Employer reliance on HMOs has receded, but the problems HMOs were designed to address have only grown exponentially larger in recent years. Health costs exploded since “As Good As It Gets” debuted, and the persistent problems of fragmented services, inadequate prevention and unnecessary care waste at least a third of all money spent on healthcare, according to the Institute of Medicine (IOM). But consumers hated HMO restrictions on choice and resented interference with the doctor-patient decisio-nmaking, and that doomed HMOs, however good their intentions may have been.

So purchasers moved in a new direction, aiming to uphold the original principles behind HMOs without interfering with patients' choices. Instead of tightly managing the services provided to employees, purchasers would take a hands-off approach and give consumers more information so they could make their own decisions about the right care at the right price. Instead of managed care, we'd have manage-your-own-care. The manage-your-own-care philosophy ultimately led to the accelerated growth of high deductible health plans, now the fastest-growing form of health insurance, in which employees and dependents enjoy a high level of choice of doctor and procedure but pay for much of it out of their own pocket. This gives consumers the incentive to “shop” for the best provider, search out the right prices, and make sure that the procedure and the costs are warranted.
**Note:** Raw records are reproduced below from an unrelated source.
theorem theorem4p1:
  fixes e :: "nat \<Rightarrow> 'a::{real_inner,complete_space}"
    and lam :: "nat \<Rightarrow> real" and N :: nat
    and F :: "'a \<Rightarrow> 'a" and K0 K1 R :: real
  assumes orthonormal: "\<And>i j. e i \<bullet> e j = (if i = j then 1 else 0)"
    and basis: "\<And>x. (\<lambda>n. \<Sum>k<n. (x \<bullet> e k) *\<^sub>R e k) \<longlonglongrightarrow> x"
    and lam_pos: "lam 0 > 0"
    and lam_01: "lam 0 < lam 1"
    and lam_mono: "mono lam"
    and lam_infty: "filterlim lam at_top sequentially"
    and N_pos: "N \<ge> 1"
    and gap: "lam (N - 1) < lam N"
    and K0_pos: "K0 > 0" and K1_pos: "K1 > 0"
    and F_bounded: "\<And>u. norm (F u) \<le> K0"
    and F_lipschitz: "\<And>u v. norm (F u - F v) \<le> K1 * norm (u - v)"
    and K1_gap: "K1 < lam N"
    and R_pos: "R > 0"
    and F_support: "\<And>u. norm u \<ge> R \<Longrightarrow> F u = 0"
  shows "M_infty e lam N F \<subseteq> M_minus_infty e lam N F"
proof -
  have "lam 0 \<le> lam j" for j
    using lam_mono by (simp add: mono_def)
  then interpret compact_mild_evolution e lam F K0 K1
    using orthonormal basis lam_pos lam_mono lam_infty F_bounded F_lipschitz K1_pos
    by unfold_locales (auto intro: less_le_trans)
  show ?thesis
    by (rule M_infty_subset_M_minus_infty)
qed

end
In line with this development is a trend among purchasers to call for price transparency, including a demand for plans and individual providers to publicly report on how much employees must pay for services they seek. I support price transparency, with an important caveat: Price reporting must be interwoven with quality reporting, in all venues, every time. By contrast, price reporting decoupled from quality reporting could inspire the same backlash HMOs did. Here's how:

  • Your costs will grow. Anyone who has worked in healthcare knows that the current pricing and chargemaster scheme are nonsensical and are in no way correlated to the quality of care. What that means is you can't predict the quality by the price. But consumers don't understand that, and studies show that given the pricing options, they will select the highest priced provider — assuming that's automatically the highest quality provider. When you only show pricing, without coupling the dollar figures with an easily comprehended indicator of quality, consumers will head toward the highest priced option, especially after they have already satisfied the deductible and it's the purchaser's dime (i.e. during an inpatient stay). If a purchaser or plan tries to restrict choice of hospital, it will be perceived as a cynical effort to cut costs at the expense of patient quality — since the employee does not see for themselves that price is unrelated to quality.
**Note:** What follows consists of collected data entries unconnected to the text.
(* Let $T$ be a ranked monad. Every open $w\in\mathcal{O}(\mathrm{LB}_1T)$ can be written as $w=\bigvee_{m\in T1}\hat m\wedge\mathrm{const}_{w(m)}$, where $\hat m:=\lambda n.[\![m\sim n]\!]$; consequently the frame $\mathcal{O}(\mathrm{LB}_1T)$ is generated by the opens $[m\,|\,b]:=\lambda n.[\![m\sim n]\!]\wedge[b]$ for $m\in T1$ and $b\in T2$.
   Context: Monads on $\mathbf{Set}$: sets $TA$, $\mathrm{return}$, $\mathbin{\gg\!=}\colon TA\times(TB)^A\to TB$ with monad laws; $t\gg s:=t\mathbin{\gg\!=}\lambda a.s$; ranked of rank $\kappa$: every $t\in TA$ is $t'\mathbin{\gg\!=}\lambda i.\mathrm{return}\,f(i)$ with $t'\in TI$, $|I|<\kappa$. $1=\{*\}$, $2=\{0,1\}$. $\mathrm{LB}_0T$: the locale whose frame is presented by generators $[b]$ ($b\in T2$) with relations $[t\mapsto a]\wedge[t\mapsto a']=\bot$ ($a\ne a'$), $[t\gg\mathrm{return}\,a\mapsto a]=\top$, $[t\mathbin{\gg\!=}u\mapsto b]=\bigvee_a[t\mapsto a]\wedge[t\gg u(a)\mapsto b]$, $[t\mapsto a]:=[t\mathbin{\gg\!=}\lambda a'.\mathrm{return}(\delta_a(a'))]$, $\delta_a(a')=1$ iff $a'=a$. Trace equivalence: $[\![m\sim_1m']\!]=\bigvee\{[t\mapsto a]:|A|\le\kappa,t\in TA,u,u'\colon A\to T1,u(a)=u'(a),m=t\mathbin{\gg\!=}u,m'=t\mathbin{\gg\!=}u'\}$; for $k\ge2$, $[\![m_1\sim_km_k]\!]=\bigvee\{\bigwedge_{i=1}^{k-1}[\![m_i\sim_1m_{i+1}]\!]:m_2,\dots,m_{k-1}\in T1\}$; $[\![m\sim m']\!]=\bigvee_{k\ge1}[\![m\sim_km']\!]$; $m\sim_bm'$ iff $b\le[\![m\sim m']\!]$ ($b$ complemented). The locale of transitions $\mathrm{LB}_1T$ has frame the set of functions $w\colon T1\to\mathcal{O}(\mathrm{LB}_0T)$ with $b\wedge w(m_1)=b\wedge w(m_2)$ whenever $b$ complemented and $m_1\sim_bm_2$, ordered pointwise (with pointwise meets); $\mathrm{const}_u$ is the constant function with value $u$. *)

theory Defs
  imports Main "HOL-Library.FuncSet"
begin

text \<open>A monad on Set is encoded by: a family of sets T A (for A a subset of the universe
type 'u; elements of all T A live in the carrier type 't), unit maps ret A : A -> T A and
Kleisli extensions bind A B : T A x (T B)^A -> T B, indexed by the source and target set.\<close>

record ('u, 't) smonad =
  Tm  :: "'u set \<Rightarrow> 't set"
  ret :: "'u set \<Rightarrow> 'u \<Rightarrow> 't"
  bnd :: "'u set \<Rightarrow> 'u set \<Rightarrow> 't \<Rightarrow> ('u \<Rightarrow> 't) \<Rightarrow> 't"

definition is_monad :: "('u, 't) smonad \<Rightarrow> bool" where
  "is_monad M \<longleftrightarrow>
     (\<forall>A a. a \<in> A \<longrightarrow> ret M A a \<in> Tm M A) \<and>
     (\<forall>A B t f. t \<in> Tm M A \<longrightarrow> f \<in> A \<rightarrow> Tm M B \<longrightarrow> bnd M A B t f \<in> Tm M B) \<and>
     (\<forall>A B t f g. t \<in> Tm M A \<longrightarrow> f \<in> A \<rightarrow> Tm M B \<longrightarrow> (\<forall>a\<in>A. f a = g a)
         \<longrightarrow> bnd M A B t f = bnd M A B t g) \<and>
     (\<forall>A B a f. a \<in> A \<longrightarrow> f \<in> A \<rightarrow> Tm M B \<longrightarrow> bnd M A B (ret M A a) f = f a) \<and>
     (\<forall>A t. t \<in> Tm M A \<longrightarrow> bnd M A A t (ret M A) = t) \<and>
     (\<forall>A B C t f g. t \<in> Tm M A \<longrightarrow> f \<in> A \<rightarrow> Tm M B \<longrightarrow> g \<in> B \<rightarrow> Tm M C \<longrightarrow>
         bnd M B C (bnd M A B t f) g = bnd M A C t (\<lambda>a. bnd M B C (f a) g))"

definition ranked :: "('u, 't) smonad \<Rightarrow> 'k rel \<Rightarrow> bool" where
  "ranked M \<kappa> \<longleftrightarrow> Card_order \<kappa> \<and>
     (\<forall>A t. t \<in> Tm M A \<longrightarrow> (\<exists>I t' f. (card_of I, \<kappa>) \<in> ordLess \<and> t' \<in> Tm M I \<and>
         f \<in> I \<rightarrow> A \<and> t = bnd M I A t' (\<lambda>i. ret M A (f i))))"

definition seq :: "('u, 't) smonad \<Rightarrow> 'u set \<Rightarrow> 'u set \<Rightarrow> 't \<Rightarrow> 't \<Rightarrow> 't" where
  "seq M A B t s = bnd M A B t (\<lambda>_. s)"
  • Your company CEO will appear as the villainous businessman sweating on 60 Minutes. Employees will accuse their companies of choosing “cheaper” providers rather than the “best” providers, without any information on whether the less-expensive options are actually lower in quality. Comparing pricing information with quality information allows employers to make informed choices, and in turn, inform employees, too.
  • Your health plan will be treated as evildoer. If your employees continue to shop services by price alone, they will not appreciate any efforts by health plans to restrict choices of hospitals or otherwise make demands on hospitals. Health plans that try to do this on behalf of purchasers or as part of the exchanges will be subject to Helen Hunt-style vitriol for sacrificing quality as soon as the employee exhausts the deductible.
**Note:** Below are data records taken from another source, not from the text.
(* Let $G$ be a finite simple graph on the vertex set $V(G)=\{x_{11},\ldots,x_{n1}\}$ with no isolated vertex. Let $G_1,\ldots,G_n$ be connected finite simple graphs on vertex sets $V(G_i)=\{x_{i1},\ldots,x_{im_i}\}$ with $m_i\geq 2$ for every $i$, where the sets $V(G_i)\setminus\{x_{i1}\}$ are pairwise disjoint and disjoint from $V(G)$. Let $G(G_1,\ldots,G_n)$ be the graph obtained by attaching $G_i$ to $G$ at $x_{i1}$ for every $i$. Then $G(G_1,\ldots,G_n)$ is unmixed if and only if $G_i$ and $G_i\setminus\{x_{i1}\}$ are unmixed for every $i=1,\ldots,n$.
   Context: $G(G_1,\ldots,G_n)$ has vertex set $\bigcup_i V(G_i)$ and edge set $E(G)\cup\bigcup_i E(G_i)$. For a vertex $v$, $H\setminus\{v\}$ denotes the induced subgraph on $V(H)\setminus\{v\}$. A graph is unmixed if all its maximal independent sets have the same cardinality. *)

theory Defs
  imports Main
begin

definition simple_graph :: "'a set \<Rightarrow> 'a set set \<Rightarrow> bool" where
  "simple_graph V E \<longleftrightarrow> finite V \<and> (\<forall>e\<in>E. e \<subseteq> V \<and> card e = 2)"

definition adjacent :: "'a set set \<Rightarrow> 'a \<Rightarrow> 'a \<Rightarrow> bool" where
  "adjacent E u v \<longleftrightarrow> {u, v} \<in> E"

definition connected_graph :: "'a set \<Rightarrow> 'a set set \<Rightarrow> bool" where
  "connected_graph V E \<longleftrightarrow> V \<noteq> {} \<and>
     (\<forall>u\<in>V. \<forall>v\<in>V. (\<lambda>x y. adjacent E x y \<and> x \<in> V \<and> y \<in> V)\<^sup>*\<^sup>* u v)"

definition no_isolated_vertex :: "'a set \<Rightarrow> 'a set set \<Rightarrow> bool" where
  "no_isolated_vertex V E \<longleftrightarrow> (\<forall>v\<in>V. \<exists>e\<in>E. v \<in> e)"

definition independent_set :: "'a set \<Rightarrow> 'a set set \<Rightarrow> 'a set \<Rightarrow> bool" where
  "independent_set V E S \<longleftrightarrow> S \<subseteq> V \<and> (\<forall>e\<in>E. \<not> e \<subseteq> S)"

definition maximal_independent_set :: "'a set \<Rightarrow> 'a set set \<Rightarrow> 'a set \<Rightarrow> bool" where
  "maximal_independent_set V E S \<longleftrightarrow> independent_set V E S \<and>
     (\<forall>T. independent_set V E T \<and> S \<subseteq> T \<longrightarrow> T = S)"

definition unmixed :: "'a set \<Rightarrow> 'a set set \<Rightarrow> bool" where
  "unmixed V E \<longleftrightarrow> (\<forall>S T. maximal_independent_set V E S \<and> maximal_independent_set V E T
      \<longrightarrow> card S = card T)"

definition del_vertex_V :: "'a set \<Rightarrow> 'a \<Rightarrow> 'a set" where
  "del_vertex_V V v = V - {v}"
In the new movement away from managed care and toward manage-your-own-care, purchasers and payers are at a crossroads. They must take steps to educate their employees on how to select the best provider, including the weirdness of a market in which price tells you nothing about quality or vice-versa. Only by assuring full transparency of both quality and pricing — always coupled together — will the public learn the strange truth about getting the best care for themselves and their families. Purchasers and payers deserve credit for pushing for higher quality care, so they should insist on giving employees what they need to work toward that same goal. Don't be cast as the villain again.